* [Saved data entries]
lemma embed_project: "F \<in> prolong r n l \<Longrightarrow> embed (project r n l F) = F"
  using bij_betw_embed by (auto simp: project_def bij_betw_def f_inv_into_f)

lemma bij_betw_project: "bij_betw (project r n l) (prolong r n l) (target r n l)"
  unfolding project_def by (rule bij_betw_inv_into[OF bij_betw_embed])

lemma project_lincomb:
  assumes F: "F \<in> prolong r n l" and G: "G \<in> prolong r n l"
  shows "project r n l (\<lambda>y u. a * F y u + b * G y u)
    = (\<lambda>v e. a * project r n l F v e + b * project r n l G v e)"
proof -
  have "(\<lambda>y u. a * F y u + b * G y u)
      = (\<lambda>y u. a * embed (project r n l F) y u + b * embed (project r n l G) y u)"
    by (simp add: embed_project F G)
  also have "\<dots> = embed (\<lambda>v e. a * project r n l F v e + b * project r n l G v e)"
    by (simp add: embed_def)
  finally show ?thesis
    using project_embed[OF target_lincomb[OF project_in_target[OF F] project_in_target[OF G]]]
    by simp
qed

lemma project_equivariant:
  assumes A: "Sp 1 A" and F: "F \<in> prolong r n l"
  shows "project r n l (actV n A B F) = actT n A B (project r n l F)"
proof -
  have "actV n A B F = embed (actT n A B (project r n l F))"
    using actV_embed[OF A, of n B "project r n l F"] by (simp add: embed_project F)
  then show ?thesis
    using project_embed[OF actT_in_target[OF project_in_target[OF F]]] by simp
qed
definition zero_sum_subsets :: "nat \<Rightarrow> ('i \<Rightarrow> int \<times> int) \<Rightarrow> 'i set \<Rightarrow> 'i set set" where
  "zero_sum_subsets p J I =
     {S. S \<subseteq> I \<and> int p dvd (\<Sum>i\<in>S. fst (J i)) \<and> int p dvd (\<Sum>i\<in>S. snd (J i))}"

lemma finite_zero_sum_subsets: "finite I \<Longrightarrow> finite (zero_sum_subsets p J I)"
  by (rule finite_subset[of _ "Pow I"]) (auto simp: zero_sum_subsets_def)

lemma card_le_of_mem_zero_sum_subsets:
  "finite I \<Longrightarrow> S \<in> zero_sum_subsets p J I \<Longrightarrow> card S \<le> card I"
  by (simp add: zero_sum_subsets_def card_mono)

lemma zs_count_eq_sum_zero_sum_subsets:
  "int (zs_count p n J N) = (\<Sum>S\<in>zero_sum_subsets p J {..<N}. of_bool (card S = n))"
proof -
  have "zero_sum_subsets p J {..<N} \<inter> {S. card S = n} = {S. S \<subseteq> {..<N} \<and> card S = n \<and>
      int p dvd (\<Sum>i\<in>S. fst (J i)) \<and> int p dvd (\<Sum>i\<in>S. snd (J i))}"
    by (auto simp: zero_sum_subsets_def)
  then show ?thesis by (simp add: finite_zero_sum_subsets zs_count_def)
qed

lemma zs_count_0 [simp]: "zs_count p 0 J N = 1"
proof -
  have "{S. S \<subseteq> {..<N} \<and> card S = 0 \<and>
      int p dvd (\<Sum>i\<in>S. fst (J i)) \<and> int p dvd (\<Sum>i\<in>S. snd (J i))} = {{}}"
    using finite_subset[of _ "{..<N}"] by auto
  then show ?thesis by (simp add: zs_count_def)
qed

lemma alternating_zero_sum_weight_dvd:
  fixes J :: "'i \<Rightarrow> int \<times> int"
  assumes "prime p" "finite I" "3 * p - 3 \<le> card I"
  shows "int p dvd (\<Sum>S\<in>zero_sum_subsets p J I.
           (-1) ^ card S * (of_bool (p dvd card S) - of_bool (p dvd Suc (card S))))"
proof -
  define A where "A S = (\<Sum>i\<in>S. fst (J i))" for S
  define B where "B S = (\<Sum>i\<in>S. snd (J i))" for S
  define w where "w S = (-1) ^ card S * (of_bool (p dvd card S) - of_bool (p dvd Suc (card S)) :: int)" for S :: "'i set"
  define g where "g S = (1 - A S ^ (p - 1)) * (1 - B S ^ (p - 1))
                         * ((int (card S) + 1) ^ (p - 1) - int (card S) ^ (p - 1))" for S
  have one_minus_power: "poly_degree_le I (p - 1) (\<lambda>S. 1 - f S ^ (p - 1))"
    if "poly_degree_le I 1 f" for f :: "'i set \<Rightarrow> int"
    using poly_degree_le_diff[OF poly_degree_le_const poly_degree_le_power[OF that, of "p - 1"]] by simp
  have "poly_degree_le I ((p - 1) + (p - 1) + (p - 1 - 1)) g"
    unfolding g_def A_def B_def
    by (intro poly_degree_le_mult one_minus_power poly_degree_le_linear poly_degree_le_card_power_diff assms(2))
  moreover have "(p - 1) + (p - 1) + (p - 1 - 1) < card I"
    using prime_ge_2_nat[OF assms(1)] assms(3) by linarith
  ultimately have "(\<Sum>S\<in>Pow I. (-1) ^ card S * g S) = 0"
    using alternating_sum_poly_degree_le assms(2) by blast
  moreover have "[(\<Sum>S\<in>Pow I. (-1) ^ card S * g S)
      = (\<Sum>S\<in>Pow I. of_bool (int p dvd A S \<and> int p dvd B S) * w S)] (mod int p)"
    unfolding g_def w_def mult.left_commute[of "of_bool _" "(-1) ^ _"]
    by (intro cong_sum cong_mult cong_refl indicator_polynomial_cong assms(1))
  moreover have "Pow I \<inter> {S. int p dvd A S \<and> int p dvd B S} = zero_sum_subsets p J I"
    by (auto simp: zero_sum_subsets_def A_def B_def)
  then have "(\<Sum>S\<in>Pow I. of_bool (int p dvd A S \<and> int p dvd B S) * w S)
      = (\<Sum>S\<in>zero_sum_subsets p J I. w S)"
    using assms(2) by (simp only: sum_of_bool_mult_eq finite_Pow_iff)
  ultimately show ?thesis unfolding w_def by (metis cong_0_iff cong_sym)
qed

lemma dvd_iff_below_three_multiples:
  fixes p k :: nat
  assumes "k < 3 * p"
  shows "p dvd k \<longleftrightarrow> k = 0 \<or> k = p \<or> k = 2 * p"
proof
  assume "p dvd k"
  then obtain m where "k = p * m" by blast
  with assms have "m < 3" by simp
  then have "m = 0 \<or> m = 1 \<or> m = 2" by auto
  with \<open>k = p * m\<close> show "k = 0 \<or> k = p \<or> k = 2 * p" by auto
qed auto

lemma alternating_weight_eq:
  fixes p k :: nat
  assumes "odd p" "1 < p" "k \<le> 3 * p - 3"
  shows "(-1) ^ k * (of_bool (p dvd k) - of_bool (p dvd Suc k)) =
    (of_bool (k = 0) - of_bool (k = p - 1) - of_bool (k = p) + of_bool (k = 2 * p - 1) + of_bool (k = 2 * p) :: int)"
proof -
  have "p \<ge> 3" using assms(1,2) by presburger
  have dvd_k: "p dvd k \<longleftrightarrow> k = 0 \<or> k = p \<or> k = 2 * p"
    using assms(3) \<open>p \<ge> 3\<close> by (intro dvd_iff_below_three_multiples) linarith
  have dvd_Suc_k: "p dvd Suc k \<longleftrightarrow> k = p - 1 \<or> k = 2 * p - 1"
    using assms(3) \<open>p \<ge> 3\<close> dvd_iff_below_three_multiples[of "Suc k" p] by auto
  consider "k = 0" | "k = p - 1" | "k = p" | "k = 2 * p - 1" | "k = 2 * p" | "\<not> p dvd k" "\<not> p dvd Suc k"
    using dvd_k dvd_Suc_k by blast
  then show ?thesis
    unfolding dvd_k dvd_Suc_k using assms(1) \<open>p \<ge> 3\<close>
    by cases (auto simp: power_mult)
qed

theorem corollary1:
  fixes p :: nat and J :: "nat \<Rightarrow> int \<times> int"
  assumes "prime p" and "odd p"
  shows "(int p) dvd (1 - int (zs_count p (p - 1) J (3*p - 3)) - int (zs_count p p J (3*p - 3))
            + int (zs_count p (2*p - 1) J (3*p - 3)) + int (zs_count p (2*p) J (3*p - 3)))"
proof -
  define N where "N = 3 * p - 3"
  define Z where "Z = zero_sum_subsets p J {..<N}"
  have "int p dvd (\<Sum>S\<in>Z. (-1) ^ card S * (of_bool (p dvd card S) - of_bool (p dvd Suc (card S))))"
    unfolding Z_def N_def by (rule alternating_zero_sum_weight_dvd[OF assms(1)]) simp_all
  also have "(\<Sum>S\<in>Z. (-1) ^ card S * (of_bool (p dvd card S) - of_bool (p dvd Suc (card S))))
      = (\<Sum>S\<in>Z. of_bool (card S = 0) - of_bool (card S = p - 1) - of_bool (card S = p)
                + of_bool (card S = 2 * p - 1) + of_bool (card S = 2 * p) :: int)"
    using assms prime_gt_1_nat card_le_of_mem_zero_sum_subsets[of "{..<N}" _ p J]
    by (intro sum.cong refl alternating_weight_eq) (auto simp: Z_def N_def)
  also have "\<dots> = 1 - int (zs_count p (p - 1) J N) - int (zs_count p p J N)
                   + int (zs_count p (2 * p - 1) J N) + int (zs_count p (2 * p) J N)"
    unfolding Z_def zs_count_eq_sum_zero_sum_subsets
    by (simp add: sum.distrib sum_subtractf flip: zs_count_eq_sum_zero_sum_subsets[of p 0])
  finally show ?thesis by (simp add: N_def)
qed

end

* [ABOUT THIS EXERCISE] Going back over the entries above, copy word for word every line from the one that has "then show ?thesis by (simp add: zs_count_def)" on through the one that has "by (intro cong_sum".

* [SOLUTION TO THIS TASK]
  then show ?thesis by (simp add: zs_count_def)
qed

lemma alternating_zero_sum_weight_dvd:
  fixes J :: "'i \<Rightarrow> int \<times> int"
  assumes "prime p" "finite I" "3 * p - 3 \<le> card I"
  shows "int p dvd (\<Sum>S\<in>zero_sum_subsets p J I.
           (-1) ^ card S * (of_bool (p dvd card S) - of_bool (p dvd Suc (card S))))"
proof -
  define A where "A S = (\<Sum>i\<in>S. fst (J i))" for S
  define B where "B S = (\<Sum>i\<in>S. snd (J i))" for S
  define w where "w S = (-1) ^ card S * (of_bool (p dvd card S) - of_bool (p dvd Suc (card S)) :: int)" for S :: "'i set"
  define g where "g S = (1 - A S ^ (p - 1)) * (1 - B S ^ (p - 1))
                         * ((int (card S) + 1) ^ (p - 1) - int (card S) ^ (p - 1))" for S
  have one_minus_power: "poly_degree_le I (p - 1) (\<lambda>S. 1 - f S ^ (p - 1))"
    if "poly_degree_le I 1 f" for f :: "'i set \<Rightarrow> int"
    using poly_degree_le_diff[OF poly_degree_le_const poly_degree_le_power[OF that, of "p - 1"]] by simp
  have "poly_degree_le I ((p - 1) + (p - 1) + (p - 1 - 1)) g"
    unfolding g_def A_def B_def
    by (intro poly_degree_le_mult one_minus_power poly_degree_le_linear poly_degree_le_card_power_diff assms(2))
  moreover have "(p - 1) + (p - 1) + (p - 1 - 1) < card I"
    using prime_ge_2_nat[OF assms(1)] assms(3) by linarith
  ultimately have "(\<Sum>S\<in>Pow I. (-1) ^ card S * g S) = 0"
    using alternating_sum_poly_degree_le assms(2) by blast
  moreover have "[(\<Sum>S\<in>Pow I. (-1) ^ card S * g S)
      = (\<Sum>S\<in>Pow I. of_bool (int p dvd A S \<and> int p dvd B S) * w S)] (mod int p)"
    unfolding g_def w_def mult.left_commute[of "of_bool _" "(-1) ^ _"]
    by (intro cong_sum cong_mult cong_refl indicator_polynomial_cong assms(1))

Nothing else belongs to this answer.